======== EXERCISE MATERIAL
(* Let $\Phi$ be a channel matrix whose rows $P^1,\dots,P^4\in\Delta^n$ are in general position, let $Q^0$ be the equidistant point from $P^1,\dots,P^4$ with barycentric coordinate $\boldsymbol\lambda^0$, and suppose $\lambda^0_1<0$, $\lambda^0_2<0$, $\lambda^0_3\ge0$, $\lambda^0_4\ge0$. Let $Q^{1(1)}=\pi(Q^0|L(P^2,P^3,P^4))$ and $Q^{1(2)}=\pi(Q^0|L(P^1,P^3,P^4))$ with barycentric coordinates $\boldsymbol\lambda^{1(1)},\boldsymbol\lambda^{1(2)}$ about $P^1,\dots,P^4$, and suppose $\lambda^{1(2)}_1<0$. Suppose further $\lambda^{1(1)}_2<0$, $\lambda^{1(1)}_3\ge0$, $\lambda^{1(1)}_4\ge0$, and let $Q^2=\pi(Q^{1(1)}|L(P^3,P^4))$. Then the output distribution achieving the channel capacity is $Q^\ast=Q^2$ and the channel capacity is $C=D(P^3\|Q^2)$.
   Context: $\Delta^n=\{Q:Q_j>0,\sum_jQ_j=1\}$, $\bar\Delta^m=\{\boldsymbol\lambda:\lambda_i\ge0,\sum_i\lambda_i=1\}$; $D(Q\|Q')=\sum_jQ_j\log(Q_j/Q'_j)$. Rows are in general position if $P^2-P^1,\dots,P^m-P^1$ are linearly independent. $L(S^1,\dots,S^r)=\{\sum_i\lambda_iS^i:\sum_i\lambda_i=1\}\cap\Delta^n$; for such an affine subspace $L$, $\pi(Q'|L)$ is the unique $Q\in L$ minimizing $D(Q\|Q')$. The barycentric coordinate of $Q\in L(P^1,\dots,P^m)$ is the unique $\boldsymbol\lambda$ with $\sum_i\lambda_i=1$, $Q=\sum_i\lambda_iP^i$. The equidistant point is the unique $Q^0\in L(P^1,\dots,P^m)$ with all $D(P^i\|Q^0)$ equal. Mutual information $I(\boldsymbol\lambda,\Phi)=\sum_{i,j}\lambda_iP^i_j\log(P^i_j/Q_j)$ with $Q=\boldsymbol\lambda\Phi$; capacity $C=\max_{\boldsymbol\lambda\in\bar\Delta^m}I(\boldsymbol\lambda,\Phi)$; the capacity-achieving output distribution is $Q^\ast=\boldsymbol\lambda^\ast\Phi$ for a maximizer $\boldsymbol\lambda^\ast$ (unique). *)

theory Defs
  imports Complex_Main
begin

text \<open>Output alphabet: a finite type 'b. Distributions: functions 'b \<Rightarrow> real.
  Rows of the channel matrix: P :: nat \<Rightarrow> 'b \<Rightarrow> real, row i = P i.\<close>

definition open_simplex :: "('b::finite \<Rightarrow> real) set" where
  "open_simplex = {Q. (\<forall>j. Q j > 0) \<and> (\<Sum>j\<in>UNIV. Q j) = 1}"

definition closed_simplex :: "nat set \<Rightarrow> (nat \<Rightarrow> real) set" where
  "closed_simplex I = {l. (\<forall>i\<in>I. l i \<ge> 0) \<and> (\<forall>i. i \<notin> I \<longrightarrow> l i = 0) \<and> (\<Sum>i\<in>I. l i) = 1}"

definition KL :: "('b::finite \<Rightarrow> real) \<Rightarrow> ('b \<Rightarrow> real) \<Rightarrow> real" where
  "KL Q Q' = (\<Sum>j\<in>UNIV. Q j * ln (Q j / Q' j))"

definition comb :: "(nat \<Rightarrow> 'b \<Rightarrow> real) \<Rightarrow> nat set \<Rightarrow> (nat \<Rightarrow> real) \<Rightarrow> ('b \<Rightarrow> real)" where
  "comb P I l = (\<lambda>j. \<Sum>i\<in>I. l i * P i j)"

definition general_position :: "(nat \<Rightarrow> 'b \<Rightarrow> real) \<Rightarrow> nat \<Rightarrow> bool" where
  "general_position P m \<longleftrightarrow>
     (\<forall>c. (\<forall>j. (\<Sum>i\<in>{2..m}. c i * (P i j - P 1 j)) = 0) \<longrightarrow> (\<forall>i\<in>{2..m}. c i = 0))"

definition aff_L :: "(nat \<Rightarrow> 'b::finite \<Rightarrow> real) \<Rightarrow> nat set \<Rightarrow> ('b \<Rightarrow> real) set" where
  "aff_L P I = {Q. \<exists>l. (\<Sum>i\<in>I. l i) = 1 \<and> Q = comb P I l} \<inter> open_simplex"

definition proj :: "('b::finite \<Rightarrow> real) \<Rightarrow> ('b \<Rightarrow> real) set \<Rightarrow> ('b \<Rightarrow> real)" where
  "proj Q' L = (THE Q. Q \<in> L \<and> (\<forall>R\<in>L. KL Q Q' \<le> KL R Q'))"

definition bary :: "(nat \<Rightarrow> 'b \<Rightarrow> real) \<Rightarrow> nat set \<Rightarrow> ('b \<Rightarrow> real) \<Rightarrow> (nat \<Rightarrow> real)" where
  "bary P I Q = (THE l. (\<forall>i. i \<notin> I \<longrightarrow> l i = 0) \<and> (\<Sum>i\<in>I. l i) = 1 \<and> Q = comb P I l)"

definition equidistant :: "(nat \<Rightarrow> 'b::finite \<Rightarrow> real) \<Rightarrow> nat set \<Rightarrow> ('b \<Rightarrow> real)" where
  "equidistant P I = (THE Q. Q \<in> aff_L P I \<and> (\<forall>i\<in>I. \<forall>k\<in>I. KL (P i) Q = KL (P k) Q))"

definition mutual_info :: "(nat \<Rightarrow> 'b::finite \<Rightarrow> real) \<Rightarrow> nat set \<Rightarrow> (nat \<Rightarrow> real) \<Rightarrow> real" where
  "mutual_info P I l = (\<Sum>i\<in>I. \<Sum>j\<in>UNIV. l i * P i j * ln (P i j / comb P I l j))"

definition capacity :: "(nat \<Rightarrow> 'b::finite \<Rightarrow> real) \<Rightarrow> nat set \<Rightarrow> real" where
  "capacity P I = (SUP l\<in>closed_simplex I. mutual_info P I l)"

end

theory Submission
  imports Defs "HOL-Analysis.Analysis" "HOL-Real_Asymp.Real_Asymp"
begin

text \<open>
  By the compensation identity
  \<open>\<Sum>\<^sub>i \<lambda>\<^sub>i (D(P\<^sup>i\<parallel>R) - D(P\<^sup>i\<parallel>Q\<^sub>\<lambda>)) = D(Q\<^sub>\<lambda>\<parallel>R)\<close>, the mutual information of \<open>\<lambda>\<close> equals
  \<open>\<Sum>\<^sub>i \<lambda>\<^sub>i D(P\<^sup>i\<parallel>Q) - D(Q\<^sub>\<lambda>\<parallel>Q)\<close> for every \<open>Q\<close>. Hence if the output \<open>Q\<close> of some input
  satisfies \<open>D(P\<^sup>i\<parallel>Q) \<le> r\<close> for all \<open>i\<close>, with equality on the support of the input, then
  \<open>C = r\<close> and every optimal input has output \<open>Q\<close>. We check this for \<open>Q\<^sup>2\<close> and \<open>r = D(P\<^sup>3\<parallel>Q\<^sup>2)\<close>.

  Information projections onto \<open>L\<close> satisfy a Pythagorean identity, so projecting a point
  equidistant from the rows onto a face keeps it equidistant from the rows of that face; thus
  \<open>Q\<^sup>1\<^sup>(\<^sup>1\<^sup>)\<close>, \<open>Q\<^sup>1\<^sup>(\<^sup>2\<^sup>)\<close> and \<open>Q\<^sup>2\<close> are equidistant. If a vertex has negative weight in a point
  equidistant from a face, the compensation identities at that point and at the equidistant point
  of the opposite subface show that the vertex is no farther from the latter than the subface's
  vertices. Applied to \<open>\<lambda>\<^sup>1\<^sup>(\<^sup>1\<^sup>)\<^sub>2 < 0\<close> and \<open>\<lambda>\<^sup>1\<^sup>(\<^sup>2\<^sup>)\<^sub>1 < 0\<close> this bounds \<open>D(P\<^sup>2\<parallel>Q\<^sup>2)\<close> and
  \<open>D(P\<^sup>1\<parallel>Q\<^sup>2)\<close> by \<open>D(P\<^sup>3\<parallel>Q\<^sup>2)\<close>; finally, a point of the line through \<open>P\<^sup>3 \<noteq> P\<^sup>4\<close> that is
  equidistant from both lies between them, so \<open>Q\<^sup>2\<close> is an output distribution.
\<close>

section \<open>Kullback--Leibler divergence\<close>

lemma open_simplex_pos: "Q \<in> open_simplex \<Longrightarrow> Q j > 0"
  by (simp add: open_simplex_def)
================
TASK DESCRIPTION:
Among the lines above, which ones include the word "Defs"? Copy them.

SOLUTION FOR THIS TASK:
theory Defs
  imports Defs "HOL-Analysis.Analysis" "HOL-Real_Asymp.Real_Asymp"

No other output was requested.